# [PROBLEM DESCRIPTION]
Give only the number of lines in the records that contain the word "ballI".

EXTRACTED INFORMATION section start

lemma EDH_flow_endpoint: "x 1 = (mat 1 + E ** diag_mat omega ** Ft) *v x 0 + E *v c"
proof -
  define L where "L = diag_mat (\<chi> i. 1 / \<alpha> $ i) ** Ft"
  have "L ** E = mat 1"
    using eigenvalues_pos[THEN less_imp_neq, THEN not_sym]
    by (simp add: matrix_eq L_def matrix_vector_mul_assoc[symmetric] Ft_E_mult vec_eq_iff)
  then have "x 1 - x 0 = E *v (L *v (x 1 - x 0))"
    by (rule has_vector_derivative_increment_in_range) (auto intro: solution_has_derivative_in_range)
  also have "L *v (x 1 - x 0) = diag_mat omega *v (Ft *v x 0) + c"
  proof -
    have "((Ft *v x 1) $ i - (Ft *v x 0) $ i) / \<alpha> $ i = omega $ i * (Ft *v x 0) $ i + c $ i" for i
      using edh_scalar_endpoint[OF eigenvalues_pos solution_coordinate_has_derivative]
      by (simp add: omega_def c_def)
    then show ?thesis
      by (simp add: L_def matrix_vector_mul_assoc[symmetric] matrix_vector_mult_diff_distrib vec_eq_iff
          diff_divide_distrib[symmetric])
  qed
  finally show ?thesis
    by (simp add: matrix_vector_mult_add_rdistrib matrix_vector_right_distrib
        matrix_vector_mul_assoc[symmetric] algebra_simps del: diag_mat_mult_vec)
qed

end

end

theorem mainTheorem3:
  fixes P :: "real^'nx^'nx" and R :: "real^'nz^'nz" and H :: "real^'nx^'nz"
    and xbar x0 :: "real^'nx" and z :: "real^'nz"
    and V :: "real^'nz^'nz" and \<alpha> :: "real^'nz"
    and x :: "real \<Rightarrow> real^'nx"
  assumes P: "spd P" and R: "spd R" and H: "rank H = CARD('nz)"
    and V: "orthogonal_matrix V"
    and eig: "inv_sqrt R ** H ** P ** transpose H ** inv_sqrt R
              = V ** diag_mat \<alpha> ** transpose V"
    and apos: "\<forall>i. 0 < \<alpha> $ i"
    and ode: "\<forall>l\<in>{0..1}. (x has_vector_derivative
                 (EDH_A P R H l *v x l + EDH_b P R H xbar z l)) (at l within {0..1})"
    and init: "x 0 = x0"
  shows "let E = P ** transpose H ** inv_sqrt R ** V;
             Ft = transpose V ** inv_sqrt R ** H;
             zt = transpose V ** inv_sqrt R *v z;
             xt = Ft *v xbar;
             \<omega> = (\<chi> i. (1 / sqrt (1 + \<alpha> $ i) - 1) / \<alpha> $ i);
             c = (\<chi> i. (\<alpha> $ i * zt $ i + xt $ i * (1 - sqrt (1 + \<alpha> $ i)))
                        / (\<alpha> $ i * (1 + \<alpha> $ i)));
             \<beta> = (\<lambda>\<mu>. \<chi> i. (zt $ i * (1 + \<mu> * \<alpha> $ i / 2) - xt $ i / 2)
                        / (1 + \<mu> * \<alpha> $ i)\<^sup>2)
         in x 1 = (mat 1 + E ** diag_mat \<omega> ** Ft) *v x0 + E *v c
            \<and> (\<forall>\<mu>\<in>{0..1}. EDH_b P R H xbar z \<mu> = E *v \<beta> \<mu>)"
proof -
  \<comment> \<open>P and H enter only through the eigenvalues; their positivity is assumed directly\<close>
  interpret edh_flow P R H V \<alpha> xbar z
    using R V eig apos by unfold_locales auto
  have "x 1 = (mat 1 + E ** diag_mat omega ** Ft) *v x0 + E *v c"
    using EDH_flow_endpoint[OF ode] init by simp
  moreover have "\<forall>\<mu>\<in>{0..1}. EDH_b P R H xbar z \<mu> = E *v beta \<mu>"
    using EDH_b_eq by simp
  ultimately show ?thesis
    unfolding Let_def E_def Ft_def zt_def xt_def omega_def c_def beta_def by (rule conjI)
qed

EXTRACTED INFORMATION section end
EXTRACTED INFORMATION section start

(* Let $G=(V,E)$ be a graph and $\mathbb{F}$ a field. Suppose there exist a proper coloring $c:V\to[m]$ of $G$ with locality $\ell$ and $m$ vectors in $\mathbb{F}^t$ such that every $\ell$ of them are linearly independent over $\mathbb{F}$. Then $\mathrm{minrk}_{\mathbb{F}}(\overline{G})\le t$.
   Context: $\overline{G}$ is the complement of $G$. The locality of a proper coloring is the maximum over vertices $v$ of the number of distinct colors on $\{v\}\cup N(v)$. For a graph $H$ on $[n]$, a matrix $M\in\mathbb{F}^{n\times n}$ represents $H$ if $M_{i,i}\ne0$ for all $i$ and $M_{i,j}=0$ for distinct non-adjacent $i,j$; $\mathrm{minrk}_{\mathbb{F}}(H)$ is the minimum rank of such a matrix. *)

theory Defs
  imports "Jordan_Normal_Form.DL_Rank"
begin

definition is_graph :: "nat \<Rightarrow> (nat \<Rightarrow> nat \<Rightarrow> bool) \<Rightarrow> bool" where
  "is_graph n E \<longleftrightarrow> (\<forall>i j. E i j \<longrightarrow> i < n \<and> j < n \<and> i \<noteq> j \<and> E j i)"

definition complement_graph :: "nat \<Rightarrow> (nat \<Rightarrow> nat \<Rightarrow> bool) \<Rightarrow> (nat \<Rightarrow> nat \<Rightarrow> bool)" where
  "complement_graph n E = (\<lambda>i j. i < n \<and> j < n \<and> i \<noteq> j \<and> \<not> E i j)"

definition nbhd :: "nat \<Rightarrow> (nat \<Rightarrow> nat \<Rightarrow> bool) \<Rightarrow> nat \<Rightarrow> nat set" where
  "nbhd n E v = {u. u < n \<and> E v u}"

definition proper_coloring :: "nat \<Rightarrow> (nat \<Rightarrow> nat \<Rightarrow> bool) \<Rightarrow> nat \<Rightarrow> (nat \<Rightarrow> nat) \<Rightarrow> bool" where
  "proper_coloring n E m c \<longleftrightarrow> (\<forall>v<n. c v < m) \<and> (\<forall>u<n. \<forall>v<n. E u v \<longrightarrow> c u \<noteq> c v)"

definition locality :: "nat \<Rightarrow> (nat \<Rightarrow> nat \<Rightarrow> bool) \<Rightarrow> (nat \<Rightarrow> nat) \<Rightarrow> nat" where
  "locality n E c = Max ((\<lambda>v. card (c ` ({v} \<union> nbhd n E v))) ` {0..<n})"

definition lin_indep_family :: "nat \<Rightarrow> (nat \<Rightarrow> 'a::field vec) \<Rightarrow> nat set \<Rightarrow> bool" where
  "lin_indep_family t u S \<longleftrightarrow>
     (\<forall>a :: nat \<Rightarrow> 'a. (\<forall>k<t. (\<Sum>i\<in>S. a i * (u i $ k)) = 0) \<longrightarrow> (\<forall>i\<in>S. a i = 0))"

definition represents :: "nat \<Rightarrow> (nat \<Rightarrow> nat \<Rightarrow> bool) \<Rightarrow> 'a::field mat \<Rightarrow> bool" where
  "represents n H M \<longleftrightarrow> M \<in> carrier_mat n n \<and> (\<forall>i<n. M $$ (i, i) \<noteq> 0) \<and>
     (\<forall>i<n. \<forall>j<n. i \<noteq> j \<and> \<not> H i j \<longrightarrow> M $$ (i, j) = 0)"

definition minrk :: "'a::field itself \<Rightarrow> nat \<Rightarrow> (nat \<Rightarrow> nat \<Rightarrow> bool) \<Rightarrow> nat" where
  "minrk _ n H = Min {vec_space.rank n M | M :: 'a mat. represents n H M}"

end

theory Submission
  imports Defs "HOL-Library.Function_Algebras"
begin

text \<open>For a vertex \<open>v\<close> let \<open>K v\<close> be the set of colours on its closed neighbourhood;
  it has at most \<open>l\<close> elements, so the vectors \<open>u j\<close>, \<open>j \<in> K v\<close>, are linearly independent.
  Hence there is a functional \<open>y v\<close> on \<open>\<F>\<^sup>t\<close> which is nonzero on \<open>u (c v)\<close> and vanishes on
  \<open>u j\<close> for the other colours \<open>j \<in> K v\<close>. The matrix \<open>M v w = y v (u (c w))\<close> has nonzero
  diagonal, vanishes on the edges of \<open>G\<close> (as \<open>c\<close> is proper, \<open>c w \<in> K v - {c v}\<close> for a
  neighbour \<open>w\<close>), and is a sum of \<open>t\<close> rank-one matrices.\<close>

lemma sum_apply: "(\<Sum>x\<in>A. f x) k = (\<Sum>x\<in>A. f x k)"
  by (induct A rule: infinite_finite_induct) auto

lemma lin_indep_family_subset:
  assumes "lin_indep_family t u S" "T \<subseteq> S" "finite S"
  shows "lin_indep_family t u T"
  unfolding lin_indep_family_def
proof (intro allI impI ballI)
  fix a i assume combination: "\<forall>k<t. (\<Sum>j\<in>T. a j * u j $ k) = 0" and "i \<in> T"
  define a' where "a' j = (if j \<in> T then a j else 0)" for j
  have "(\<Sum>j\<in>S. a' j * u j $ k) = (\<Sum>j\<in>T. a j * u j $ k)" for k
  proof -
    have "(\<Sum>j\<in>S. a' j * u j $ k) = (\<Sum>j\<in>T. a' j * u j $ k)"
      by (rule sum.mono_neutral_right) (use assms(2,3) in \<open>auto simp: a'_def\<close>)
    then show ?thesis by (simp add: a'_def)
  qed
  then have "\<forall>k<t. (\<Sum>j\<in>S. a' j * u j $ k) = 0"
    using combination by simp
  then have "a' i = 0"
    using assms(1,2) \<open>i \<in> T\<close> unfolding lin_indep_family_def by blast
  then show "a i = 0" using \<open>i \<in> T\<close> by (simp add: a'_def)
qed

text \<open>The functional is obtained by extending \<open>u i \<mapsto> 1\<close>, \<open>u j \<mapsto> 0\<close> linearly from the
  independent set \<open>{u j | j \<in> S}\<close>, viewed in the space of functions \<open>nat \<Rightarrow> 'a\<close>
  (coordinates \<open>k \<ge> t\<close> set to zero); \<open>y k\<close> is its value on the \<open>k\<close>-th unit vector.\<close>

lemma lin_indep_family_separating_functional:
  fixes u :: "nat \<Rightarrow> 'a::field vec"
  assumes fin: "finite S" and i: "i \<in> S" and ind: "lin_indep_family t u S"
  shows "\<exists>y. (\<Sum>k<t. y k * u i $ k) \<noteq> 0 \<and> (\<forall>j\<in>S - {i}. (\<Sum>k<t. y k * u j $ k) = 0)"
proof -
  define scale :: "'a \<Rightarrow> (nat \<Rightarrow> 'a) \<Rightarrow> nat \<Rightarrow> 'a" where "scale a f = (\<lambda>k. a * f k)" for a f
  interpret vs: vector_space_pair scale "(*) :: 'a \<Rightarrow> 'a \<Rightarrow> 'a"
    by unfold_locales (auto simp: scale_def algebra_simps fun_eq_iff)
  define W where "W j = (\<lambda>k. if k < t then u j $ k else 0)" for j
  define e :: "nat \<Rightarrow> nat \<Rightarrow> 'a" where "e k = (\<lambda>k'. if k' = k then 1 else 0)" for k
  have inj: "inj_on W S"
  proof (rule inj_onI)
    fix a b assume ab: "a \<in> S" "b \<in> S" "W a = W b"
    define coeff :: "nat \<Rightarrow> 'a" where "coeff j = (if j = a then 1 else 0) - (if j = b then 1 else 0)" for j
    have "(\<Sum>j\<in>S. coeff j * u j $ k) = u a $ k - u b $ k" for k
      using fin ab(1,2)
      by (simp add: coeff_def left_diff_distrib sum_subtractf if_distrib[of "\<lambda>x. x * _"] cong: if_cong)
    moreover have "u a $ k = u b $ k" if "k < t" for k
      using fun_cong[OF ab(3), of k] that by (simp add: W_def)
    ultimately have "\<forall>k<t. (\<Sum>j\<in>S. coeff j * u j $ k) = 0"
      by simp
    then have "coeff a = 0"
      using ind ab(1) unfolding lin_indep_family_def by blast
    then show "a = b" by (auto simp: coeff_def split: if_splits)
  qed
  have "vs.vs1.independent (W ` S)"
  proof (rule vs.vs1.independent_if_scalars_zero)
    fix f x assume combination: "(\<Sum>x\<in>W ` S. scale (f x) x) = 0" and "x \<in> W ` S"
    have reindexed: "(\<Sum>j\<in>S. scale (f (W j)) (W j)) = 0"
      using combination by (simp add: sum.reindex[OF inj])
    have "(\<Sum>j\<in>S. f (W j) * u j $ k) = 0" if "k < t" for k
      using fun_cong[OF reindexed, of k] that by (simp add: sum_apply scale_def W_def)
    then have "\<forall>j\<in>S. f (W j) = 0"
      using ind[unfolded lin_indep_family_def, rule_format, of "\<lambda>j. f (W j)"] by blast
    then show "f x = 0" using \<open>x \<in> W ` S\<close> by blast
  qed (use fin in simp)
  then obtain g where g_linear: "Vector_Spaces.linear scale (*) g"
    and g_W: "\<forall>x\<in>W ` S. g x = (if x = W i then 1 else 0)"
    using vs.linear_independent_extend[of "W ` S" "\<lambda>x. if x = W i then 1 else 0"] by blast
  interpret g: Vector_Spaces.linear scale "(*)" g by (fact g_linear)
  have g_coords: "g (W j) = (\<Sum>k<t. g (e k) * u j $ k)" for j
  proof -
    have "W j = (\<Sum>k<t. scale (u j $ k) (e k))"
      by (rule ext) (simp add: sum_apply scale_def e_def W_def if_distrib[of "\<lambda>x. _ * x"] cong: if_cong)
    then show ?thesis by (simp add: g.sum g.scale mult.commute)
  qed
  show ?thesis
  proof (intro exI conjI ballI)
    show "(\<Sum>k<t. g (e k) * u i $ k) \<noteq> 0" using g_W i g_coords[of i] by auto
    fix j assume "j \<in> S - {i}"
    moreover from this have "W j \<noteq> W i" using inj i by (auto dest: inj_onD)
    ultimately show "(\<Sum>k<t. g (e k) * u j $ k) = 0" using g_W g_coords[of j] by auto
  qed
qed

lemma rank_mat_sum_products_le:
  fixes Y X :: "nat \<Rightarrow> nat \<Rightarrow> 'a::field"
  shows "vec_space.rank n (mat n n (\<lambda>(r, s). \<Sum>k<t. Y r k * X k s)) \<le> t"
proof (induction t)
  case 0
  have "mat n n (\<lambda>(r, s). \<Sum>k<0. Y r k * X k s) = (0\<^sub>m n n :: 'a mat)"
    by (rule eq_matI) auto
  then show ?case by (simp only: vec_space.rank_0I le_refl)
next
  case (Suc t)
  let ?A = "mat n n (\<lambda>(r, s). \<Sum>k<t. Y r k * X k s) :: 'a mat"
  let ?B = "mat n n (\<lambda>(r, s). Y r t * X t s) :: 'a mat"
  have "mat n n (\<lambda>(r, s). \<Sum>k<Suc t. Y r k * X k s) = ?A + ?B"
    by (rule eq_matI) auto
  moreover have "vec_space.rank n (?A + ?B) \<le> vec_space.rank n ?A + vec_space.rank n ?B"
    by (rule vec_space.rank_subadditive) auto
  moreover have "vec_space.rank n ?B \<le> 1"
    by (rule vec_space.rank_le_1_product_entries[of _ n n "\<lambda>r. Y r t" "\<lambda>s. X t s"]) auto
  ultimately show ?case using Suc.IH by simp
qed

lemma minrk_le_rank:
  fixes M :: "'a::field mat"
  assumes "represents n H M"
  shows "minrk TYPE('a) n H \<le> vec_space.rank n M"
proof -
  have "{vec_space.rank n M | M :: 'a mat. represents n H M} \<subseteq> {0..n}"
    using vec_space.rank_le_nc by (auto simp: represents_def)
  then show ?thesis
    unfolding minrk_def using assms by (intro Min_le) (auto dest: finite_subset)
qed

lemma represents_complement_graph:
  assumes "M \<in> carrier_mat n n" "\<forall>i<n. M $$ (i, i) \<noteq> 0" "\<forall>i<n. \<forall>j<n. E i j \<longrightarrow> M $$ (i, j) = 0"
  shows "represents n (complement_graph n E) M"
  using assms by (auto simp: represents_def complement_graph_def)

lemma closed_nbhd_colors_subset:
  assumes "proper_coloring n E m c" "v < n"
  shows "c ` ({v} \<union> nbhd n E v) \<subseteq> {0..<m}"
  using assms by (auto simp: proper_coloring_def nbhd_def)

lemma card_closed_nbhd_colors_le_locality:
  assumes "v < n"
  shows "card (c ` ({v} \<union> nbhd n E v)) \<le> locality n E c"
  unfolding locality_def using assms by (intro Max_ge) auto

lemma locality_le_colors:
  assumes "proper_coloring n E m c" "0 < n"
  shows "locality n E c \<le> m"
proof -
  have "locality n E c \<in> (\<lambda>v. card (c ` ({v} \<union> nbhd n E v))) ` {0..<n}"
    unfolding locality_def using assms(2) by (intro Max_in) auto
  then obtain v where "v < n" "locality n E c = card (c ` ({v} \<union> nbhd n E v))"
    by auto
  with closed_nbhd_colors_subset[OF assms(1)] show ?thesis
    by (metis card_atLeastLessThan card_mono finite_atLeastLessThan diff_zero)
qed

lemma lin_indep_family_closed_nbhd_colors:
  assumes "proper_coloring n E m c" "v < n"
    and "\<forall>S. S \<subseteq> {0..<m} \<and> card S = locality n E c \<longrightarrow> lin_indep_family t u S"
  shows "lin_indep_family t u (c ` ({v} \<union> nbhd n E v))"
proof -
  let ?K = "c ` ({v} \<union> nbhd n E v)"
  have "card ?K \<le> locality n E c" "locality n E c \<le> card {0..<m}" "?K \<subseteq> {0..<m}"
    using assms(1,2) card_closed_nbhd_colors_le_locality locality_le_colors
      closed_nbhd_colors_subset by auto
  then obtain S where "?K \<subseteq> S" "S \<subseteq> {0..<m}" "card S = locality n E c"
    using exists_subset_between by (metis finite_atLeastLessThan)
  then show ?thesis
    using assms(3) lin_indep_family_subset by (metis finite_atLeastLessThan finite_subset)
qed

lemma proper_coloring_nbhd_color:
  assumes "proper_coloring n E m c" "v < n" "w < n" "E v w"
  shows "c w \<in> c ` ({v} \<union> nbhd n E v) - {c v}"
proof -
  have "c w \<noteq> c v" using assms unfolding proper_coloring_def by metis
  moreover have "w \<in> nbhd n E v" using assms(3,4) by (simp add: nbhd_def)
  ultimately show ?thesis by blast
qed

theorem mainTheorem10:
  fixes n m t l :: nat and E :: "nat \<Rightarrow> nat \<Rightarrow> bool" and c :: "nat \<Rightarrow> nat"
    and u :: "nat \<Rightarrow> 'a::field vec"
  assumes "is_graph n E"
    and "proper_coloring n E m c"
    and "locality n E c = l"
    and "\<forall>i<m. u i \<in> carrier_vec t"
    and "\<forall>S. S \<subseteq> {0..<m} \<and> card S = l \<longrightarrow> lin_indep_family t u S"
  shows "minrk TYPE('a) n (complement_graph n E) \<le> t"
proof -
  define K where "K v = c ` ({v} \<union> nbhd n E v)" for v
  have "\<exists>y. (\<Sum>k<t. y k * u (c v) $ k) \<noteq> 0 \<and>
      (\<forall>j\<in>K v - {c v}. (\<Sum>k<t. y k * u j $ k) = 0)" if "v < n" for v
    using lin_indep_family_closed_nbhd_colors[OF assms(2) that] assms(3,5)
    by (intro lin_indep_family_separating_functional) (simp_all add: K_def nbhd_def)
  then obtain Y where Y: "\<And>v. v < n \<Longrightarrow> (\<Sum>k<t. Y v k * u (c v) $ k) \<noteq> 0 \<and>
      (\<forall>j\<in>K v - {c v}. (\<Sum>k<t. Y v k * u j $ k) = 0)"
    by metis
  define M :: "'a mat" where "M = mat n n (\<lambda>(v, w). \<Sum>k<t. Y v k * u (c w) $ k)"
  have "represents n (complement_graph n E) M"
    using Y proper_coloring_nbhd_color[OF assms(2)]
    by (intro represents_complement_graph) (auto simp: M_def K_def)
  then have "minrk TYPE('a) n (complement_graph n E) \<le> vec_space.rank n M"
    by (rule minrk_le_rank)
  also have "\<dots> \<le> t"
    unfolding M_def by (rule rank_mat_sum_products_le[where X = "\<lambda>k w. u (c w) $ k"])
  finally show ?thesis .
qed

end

EXTRACTED INFORMATION section end
EXTRACTED INFORMATION section start

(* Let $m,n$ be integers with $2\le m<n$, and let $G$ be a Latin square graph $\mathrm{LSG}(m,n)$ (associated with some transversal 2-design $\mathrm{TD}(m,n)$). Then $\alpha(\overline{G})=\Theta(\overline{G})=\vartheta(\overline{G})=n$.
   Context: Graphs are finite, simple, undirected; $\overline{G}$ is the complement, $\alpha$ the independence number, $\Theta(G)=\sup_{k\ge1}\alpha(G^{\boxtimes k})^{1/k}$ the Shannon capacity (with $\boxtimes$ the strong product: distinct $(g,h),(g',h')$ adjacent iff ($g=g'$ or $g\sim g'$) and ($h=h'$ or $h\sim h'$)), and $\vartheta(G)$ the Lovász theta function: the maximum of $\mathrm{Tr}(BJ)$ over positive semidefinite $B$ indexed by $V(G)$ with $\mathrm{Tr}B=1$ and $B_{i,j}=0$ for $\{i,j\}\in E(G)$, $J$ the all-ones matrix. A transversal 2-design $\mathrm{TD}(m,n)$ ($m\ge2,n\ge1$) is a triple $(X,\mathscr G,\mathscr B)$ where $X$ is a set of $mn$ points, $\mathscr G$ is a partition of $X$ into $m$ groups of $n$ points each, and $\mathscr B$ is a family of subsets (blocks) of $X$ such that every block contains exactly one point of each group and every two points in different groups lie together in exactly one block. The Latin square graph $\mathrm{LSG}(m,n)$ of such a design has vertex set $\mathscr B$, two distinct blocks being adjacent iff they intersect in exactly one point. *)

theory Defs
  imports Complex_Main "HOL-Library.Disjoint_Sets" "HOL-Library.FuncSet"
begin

EXTRACTED INFORMATION section end

# [TASK SOLUTION]
2